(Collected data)
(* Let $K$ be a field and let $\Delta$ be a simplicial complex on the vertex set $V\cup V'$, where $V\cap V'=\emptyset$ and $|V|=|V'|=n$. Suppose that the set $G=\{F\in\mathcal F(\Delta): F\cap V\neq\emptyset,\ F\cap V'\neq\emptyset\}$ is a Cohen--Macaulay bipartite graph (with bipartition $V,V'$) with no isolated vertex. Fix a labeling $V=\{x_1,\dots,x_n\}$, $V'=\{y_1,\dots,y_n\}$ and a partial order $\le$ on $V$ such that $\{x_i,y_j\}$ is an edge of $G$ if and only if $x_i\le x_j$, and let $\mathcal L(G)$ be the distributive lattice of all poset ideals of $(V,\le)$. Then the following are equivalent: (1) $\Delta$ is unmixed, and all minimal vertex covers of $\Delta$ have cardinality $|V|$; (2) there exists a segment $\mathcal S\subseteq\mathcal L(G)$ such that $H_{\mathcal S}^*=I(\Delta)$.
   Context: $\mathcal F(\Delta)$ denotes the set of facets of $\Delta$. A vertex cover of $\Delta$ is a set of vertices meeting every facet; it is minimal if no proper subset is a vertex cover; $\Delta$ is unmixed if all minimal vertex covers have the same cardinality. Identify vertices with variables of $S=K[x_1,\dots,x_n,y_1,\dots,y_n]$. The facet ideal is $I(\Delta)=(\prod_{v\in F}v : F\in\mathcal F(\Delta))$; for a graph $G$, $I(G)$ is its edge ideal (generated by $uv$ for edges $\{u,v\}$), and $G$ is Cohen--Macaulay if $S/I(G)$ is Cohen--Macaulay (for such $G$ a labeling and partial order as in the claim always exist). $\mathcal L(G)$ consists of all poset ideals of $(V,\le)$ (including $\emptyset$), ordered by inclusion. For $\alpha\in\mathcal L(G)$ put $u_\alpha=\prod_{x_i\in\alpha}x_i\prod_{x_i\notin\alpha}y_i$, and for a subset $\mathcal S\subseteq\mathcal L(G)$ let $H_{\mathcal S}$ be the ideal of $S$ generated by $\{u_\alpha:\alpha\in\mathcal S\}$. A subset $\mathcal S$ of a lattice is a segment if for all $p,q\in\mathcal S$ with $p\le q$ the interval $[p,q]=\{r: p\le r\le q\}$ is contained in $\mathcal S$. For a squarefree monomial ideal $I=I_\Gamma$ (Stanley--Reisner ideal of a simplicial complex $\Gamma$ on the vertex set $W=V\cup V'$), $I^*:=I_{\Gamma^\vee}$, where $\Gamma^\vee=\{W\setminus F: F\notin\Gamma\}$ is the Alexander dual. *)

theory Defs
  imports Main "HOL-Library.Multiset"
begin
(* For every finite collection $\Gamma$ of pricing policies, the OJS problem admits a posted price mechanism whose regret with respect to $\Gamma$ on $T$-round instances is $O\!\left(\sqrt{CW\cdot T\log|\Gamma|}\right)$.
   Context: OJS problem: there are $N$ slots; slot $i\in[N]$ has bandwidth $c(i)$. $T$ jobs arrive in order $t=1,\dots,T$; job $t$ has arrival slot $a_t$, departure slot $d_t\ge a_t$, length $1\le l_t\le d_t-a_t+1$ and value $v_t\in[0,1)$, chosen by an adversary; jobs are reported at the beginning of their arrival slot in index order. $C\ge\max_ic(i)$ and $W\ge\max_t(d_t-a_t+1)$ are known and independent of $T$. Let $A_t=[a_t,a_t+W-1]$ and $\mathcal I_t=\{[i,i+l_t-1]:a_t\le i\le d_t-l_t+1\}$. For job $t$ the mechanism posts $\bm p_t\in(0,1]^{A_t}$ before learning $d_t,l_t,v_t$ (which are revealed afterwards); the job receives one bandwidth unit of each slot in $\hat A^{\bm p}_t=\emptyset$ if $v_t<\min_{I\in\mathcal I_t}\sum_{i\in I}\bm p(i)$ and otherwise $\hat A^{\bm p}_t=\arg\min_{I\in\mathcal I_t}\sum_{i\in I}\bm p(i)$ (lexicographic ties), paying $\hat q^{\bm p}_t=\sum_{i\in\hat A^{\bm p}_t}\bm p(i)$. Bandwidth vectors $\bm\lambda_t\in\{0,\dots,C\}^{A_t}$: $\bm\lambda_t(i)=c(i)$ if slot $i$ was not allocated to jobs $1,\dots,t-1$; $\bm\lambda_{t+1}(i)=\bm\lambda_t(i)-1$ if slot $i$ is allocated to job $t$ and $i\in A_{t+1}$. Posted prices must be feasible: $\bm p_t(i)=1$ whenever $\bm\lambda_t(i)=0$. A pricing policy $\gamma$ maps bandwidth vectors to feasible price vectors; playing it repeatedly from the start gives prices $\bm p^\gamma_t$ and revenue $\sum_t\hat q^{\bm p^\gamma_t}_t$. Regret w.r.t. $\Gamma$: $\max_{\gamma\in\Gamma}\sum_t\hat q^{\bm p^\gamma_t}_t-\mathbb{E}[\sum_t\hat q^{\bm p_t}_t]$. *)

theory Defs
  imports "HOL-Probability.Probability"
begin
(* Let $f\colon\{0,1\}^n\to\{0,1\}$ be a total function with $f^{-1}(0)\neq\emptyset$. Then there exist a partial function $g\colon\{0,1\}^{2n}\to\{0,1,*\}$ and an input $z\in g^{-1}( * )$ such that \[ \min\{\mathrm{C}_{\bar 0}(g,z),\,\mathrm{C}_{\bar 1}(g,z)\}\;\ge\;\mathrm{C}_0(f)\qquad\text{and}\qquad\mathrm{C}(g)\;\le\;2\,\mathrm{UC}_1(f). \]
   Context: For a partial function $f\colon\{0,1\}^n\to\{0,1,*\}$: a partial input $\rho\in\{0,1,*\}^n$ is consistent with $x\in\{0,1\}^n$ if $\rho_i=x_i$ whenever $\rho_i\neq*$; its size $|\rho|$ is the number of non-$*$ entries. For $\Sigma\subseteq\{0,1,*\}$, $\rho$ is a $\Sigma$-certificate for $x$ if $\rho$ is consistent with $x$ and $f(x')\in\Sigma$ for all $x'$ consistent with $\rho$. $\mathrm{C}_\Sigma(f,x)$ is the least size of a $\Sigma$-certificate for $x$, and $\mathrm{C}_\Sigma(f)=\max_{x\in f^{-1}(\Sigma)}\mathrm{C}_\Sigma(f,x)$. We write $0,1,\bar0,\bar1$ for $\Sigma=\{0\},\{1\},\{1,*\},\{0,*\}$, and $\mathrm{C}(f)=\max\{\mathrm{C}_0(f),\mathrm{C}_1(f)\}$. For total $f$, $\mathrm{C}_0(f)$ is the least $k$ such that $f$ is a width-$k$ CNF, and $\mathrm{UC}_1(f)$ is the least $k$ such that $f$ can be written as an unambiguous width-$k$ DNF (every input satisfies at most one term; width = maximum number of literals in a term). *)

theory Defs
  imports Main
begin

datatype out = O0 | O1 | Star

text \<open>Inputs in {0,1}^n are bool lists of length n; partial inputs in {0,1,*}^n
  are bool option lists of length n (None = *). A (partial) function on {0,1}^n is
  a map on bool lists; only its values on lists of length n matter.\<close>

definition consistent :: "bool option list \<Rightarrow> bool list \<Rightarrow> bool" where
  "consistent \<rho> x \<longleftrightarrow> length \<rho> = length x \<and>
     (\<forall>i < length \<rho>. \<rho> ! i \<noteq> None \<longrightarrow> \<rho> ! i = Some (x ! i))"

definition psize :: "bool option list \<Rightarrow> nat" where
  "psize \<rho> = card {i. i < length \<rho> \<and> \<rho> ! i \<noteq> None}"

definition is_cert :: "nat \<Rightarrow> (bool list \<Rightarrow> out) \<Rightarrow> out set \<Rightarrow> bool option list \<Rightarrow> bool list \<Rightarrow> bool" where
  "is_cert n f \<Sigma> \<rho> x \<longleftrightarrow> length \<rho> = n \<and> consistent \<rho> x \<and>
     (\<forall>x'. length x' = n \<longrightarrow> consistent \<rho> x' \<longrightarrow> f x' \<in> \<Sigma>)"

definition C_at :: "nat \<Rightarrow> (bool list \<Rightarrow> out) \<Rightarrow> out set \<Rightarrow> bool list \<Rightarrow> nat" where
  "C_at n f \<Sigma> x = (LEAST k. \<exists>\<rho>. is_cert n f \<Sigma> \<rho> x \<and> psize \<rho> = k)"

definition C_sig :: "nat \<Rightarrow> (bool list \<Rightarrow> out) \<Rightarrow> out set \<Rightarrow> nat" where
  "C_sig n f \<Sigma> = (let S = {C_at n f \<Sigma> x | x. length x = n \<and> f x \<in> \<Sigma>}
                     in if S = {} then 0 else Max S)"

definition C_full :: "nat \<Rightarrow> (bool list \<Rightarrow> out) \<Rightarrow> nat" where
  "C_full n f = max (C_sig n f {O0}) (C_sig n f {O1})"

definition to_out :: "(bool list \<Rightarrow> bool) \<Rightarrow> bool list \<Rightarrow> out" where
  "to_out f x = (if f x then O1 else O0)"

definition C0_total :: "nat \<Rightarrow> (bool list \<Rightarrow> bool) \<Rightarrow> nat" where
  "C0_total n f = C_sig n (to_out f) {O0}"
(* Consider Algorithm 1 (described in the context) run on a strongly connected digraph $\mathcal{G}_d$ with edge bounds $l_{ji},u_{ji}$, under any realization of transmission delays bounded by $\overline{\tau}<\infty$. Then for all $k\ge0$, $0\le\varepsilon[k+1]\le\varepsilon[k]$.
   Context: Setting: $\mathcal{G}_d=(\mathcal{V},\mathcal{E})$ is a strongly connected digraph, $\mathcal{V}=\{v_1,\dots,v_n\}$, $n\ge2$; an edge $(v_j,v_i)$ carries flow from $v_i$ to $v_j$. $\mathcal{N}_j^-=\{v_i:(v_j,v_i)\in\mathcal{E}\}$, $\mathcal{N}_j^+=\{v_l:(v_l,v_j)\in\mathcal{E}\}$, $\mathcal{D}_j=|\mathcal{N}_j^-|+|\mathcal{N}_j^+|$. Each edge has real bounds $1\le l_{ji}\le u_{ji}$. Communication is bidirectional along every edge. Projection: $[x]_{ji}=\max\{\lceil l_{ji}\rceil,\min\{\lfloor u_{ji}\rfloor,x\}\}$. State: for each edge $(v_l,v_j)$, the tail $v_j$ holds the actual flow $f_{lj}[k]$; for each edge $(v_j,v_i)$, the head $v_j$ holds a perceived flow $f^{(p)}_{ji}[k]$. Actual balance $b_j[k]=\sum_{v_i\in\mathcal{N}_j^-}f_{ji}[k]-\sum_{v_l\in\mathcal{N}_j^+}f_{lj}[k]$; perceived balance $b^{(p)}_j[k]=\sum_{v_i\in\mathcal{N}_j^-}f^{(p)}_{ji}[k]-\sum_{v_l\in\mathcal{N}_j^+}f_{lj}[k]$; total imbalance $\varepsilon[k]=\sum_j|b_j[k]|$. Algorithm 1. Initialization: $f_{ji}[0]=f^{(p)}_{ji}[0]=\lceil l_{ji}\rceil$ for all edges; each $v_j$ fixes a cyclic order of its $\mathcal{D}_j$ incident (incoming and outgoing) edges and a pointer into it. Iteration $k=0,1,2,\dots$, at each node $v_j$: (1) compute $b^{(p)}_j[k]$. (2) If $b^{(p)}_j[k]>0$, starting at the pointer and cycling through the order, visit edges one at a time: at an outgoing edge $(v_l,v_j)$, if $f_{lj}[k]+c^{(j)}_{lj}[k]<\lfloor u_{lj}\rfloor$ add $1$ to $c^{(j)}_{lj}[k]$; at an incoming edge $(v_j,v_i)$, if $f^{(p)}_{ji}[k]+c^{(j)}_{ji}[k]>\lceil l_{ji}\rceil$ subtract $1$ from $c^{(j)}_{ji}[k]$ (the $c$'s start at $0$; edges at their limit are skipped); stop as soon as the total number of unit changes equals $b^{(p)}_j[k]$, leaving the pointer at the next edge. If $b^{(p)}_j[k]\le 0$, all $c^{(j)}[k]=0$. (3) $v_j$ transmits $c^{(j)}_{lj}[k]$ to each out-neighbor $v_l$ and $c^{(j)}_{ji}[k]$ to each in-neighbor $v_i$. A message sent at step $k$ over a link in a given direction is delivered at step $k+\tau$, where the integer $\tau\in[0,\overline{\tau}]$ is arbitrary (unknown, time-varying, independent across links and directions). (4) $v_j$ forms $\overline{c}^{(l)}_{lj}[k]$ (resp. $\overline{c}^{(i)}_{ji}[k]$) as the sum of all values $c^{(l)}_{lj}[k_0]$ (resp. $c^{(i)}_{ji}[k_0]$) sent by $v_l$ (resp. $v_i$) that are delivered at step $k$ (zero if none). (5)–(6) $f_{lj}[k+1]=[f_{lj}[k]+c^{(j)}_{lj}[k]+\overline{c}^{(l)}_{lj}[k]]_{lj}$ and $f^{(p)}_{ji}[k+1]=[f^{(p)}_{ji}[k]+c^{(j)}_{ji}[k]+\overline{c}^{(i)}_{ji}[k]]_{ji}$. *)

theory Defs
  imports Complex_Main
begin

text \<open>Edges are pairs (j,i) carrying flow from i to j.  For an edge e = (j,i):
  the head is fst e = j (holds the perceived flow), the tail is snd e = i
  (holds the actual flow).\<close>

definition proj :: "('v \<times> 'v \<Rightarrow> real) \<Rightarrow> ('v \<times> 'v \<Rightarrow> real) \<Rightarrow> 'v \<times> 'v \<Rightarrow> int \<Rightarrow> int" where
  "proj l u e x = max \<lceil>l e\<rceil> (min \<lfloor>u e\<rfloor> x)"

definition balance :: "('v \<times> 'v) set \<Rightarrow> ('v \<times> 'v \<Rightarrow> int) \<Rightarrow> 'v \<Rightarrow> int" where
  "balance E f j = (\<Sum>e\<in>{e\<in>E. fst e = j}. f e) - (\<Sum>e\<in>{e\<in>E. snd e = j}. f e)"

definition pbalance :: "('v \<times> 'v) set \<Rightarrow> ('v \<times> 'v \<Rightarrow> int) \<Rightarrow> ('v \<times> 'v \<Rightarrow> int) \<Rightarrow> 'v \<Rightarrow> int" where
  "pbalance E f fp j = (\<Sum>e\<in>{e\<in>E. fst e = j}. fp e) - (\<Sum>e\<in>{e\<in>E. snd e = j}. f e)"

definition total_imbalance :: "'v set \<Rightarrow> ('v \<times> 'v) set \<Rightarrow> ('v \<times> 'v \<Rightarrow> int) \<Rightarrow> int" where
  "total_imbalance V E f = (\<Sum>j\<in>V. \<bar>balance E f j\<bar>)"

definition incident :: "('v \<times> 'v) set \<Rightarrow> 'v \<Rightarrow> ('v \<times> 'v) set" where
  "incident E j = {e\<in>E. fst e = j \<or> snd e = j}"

* [Exercise]: In the entries above, find the line holding "bool) \<Rightarrow> bool" and the line holding "(* Consider Algorithm"; print both of them and every line between, exactly, and nothing else.

* [Reply]:
definition to_out :: "(bool list \<Rightarrow> bool) \<Rightarrow> bool list \<Rightarrow> out" where
  "to_out f x = (if f x then O1 else O0)"

definition C0_total :: "nat \<Rightarrow> (bool list \<Rightarrow> bool) \<Rightarrow> nat" where
  "C0_total n f = C_sig n (to_out f) {O0}"
(* Consider Algorithm 1 (described in the context) run on a strongly connected digraph $\mathcal{G}_d$ with edge bounds $l_{ji},u_{ji}$, under any realization of transmission delays bounded by $\overline{\tau}<\infty$. Then for all $k\ge0$, $0\le\varepsilon[k+1]\le\varepsilon[k]$.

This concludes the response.